Exercise:
Within the entries below, find the portion that opens with the line containing "define d where" and closes with the line containing "(\<lambda>n. d n". Retype that portion exactly and only.

Study material:
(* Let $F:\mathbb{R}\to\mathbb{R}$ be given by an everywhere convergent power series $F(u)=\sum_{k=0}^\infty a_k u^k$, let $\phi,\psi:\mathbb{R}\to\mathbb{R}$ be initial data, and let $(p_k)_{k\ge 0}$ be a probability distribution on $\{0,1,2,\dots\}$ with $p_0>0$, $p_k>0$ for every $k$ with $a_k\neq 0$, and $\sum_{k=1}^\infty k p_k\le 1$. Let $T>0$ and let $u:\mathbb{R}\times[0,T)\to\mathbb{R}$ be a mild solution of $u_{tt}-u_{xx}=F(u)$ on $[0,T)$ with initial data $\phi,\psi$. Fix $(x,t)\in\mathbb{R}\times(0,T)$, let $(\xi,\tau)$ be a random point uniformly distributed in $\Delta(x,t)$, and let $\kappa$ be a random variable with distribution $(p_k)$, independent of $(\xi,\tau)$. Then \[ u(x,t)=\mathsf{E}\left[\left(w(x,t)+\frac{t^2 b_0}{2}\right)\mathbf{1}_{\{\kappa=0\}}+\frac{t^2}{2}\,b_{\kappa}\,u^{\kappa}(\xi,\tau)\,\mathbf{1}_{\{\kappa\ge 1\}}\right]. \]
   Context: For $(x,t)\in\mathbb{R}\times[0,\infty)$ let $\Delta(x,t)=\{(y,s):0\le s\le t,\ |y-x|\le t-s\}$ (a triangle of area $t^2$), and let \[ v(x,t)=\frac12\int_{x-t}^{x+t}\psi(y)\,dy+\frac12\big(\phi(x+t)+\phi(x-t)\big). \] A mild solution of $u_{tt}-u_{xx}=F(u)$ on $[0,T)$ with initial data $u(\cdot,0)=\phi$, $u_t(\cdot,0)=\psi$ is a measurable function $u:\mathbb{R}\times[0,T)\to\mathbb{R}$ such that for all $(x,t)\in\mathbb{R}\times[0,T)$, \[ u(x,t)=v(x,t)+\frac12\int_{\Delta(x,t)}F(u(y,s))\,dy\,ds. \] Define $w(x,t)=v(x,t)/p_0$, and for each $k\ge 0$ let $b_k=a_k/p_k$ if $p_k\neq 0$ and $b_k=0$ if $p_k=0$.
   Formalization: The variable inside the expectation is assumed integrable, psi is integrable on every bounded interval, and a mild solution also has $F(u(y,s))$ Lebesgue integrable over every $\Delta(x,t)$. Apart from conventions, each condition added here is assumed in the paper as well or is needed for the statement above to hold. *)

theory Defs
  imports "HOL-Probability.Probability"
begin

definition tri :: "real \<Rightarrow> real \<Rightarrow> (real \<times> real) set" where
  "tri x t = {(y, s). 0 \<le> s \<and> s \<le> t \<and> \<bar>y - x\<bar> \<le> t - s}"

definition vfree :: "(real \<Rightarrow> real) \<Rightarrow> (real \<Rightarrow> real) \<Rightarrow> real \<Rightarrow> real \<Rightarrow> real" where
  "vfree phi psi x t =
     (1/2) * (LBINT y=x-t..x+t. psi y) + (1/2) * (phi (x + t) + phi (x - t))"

---

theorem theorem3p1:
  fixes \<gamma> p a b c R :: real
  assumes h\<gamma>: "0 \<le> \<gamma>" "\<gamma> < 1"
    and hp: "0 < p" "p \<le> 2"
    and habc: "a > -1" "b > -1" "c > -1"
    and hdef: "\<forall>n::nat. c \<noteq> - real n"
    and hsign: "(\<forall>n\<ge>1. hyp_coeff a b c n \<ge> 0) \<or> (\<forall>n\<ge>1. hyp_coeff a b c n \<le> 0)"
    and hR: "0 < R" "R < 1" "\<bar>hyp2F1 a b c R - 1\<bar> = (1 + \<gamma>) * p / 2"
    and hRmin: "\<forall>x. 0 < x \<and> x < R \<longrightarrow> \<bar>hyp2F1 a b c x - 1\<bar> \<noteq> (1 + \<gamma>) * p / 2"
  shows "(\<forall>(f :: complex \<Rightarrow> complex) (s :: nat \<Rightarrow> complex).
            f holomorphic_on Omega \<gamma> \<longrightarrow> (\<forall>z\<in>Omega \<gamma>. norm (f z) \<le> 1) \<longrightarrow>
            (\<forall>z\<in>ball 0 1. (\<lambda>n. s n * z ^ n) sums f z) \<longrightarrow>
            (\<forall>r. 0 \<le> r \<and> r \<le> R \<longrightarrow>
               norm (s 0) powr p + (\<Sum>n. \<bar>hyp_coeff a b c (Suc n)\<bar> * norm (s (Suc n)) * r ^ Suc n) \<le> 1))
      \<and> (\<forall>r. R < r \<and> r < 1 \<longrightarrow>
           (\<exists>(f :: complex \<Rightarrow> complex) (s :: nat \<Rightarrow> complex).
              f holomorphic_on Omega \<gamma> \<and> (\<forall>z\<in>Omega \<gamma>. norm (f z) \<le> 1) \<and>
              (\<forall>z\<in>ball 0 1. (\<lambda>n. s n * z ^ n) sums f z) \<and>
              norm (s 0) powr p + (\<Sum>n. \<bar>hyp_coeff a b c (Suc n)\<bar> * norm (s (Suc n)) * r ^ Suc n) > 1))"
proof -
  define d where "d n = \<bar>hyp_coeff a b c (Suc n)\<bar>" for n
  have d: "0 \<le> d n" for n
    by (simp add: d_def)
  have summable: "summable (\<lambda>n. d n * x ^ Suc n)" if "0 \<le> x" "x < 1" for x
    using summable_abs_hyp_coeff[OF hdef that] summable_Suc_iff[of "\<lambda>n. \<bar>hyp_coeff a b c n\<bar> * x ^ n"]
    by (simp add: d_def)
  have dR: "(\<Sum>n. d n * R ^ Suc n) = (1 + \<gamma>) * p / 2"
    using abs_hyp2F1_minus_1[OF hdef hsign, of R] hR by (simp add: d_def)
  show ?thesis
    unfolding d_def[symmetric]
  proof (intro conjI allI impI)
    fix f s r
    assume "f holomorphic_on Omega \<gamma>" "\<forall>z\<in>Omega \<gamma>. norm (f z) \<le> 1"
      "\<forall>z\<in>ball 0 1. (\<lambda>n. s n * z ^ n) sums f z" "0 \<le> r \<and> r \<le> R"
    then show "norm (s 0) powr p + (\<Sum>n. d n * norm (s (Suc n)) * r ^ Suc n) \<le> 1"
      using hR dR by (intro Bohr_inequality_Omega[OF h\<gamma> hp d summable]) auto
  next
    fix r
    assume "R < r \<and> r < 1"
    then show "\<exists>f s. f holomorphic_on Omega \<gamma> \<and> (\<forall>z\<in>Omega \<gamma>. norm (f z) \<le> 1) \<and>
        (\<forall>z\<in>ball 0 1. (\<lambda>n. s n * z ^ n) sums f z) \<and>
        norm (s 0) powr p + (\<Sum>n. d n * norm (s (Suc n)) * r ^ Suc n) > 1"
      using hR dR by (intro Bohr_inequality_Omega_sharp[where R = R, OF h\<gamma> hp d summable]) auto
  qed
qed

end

Solution to this problem:
  define d where "d n = \<bar>hyp_coeff a b c (Suc n)\<bar>" for n
  have d: "0 \<le> d n" for n
    by (simp add: d_def)
  have summable: "summable (\<lambda>n. d n * x ^ Suc n)" if "0 \<le> x" "x < 1" for x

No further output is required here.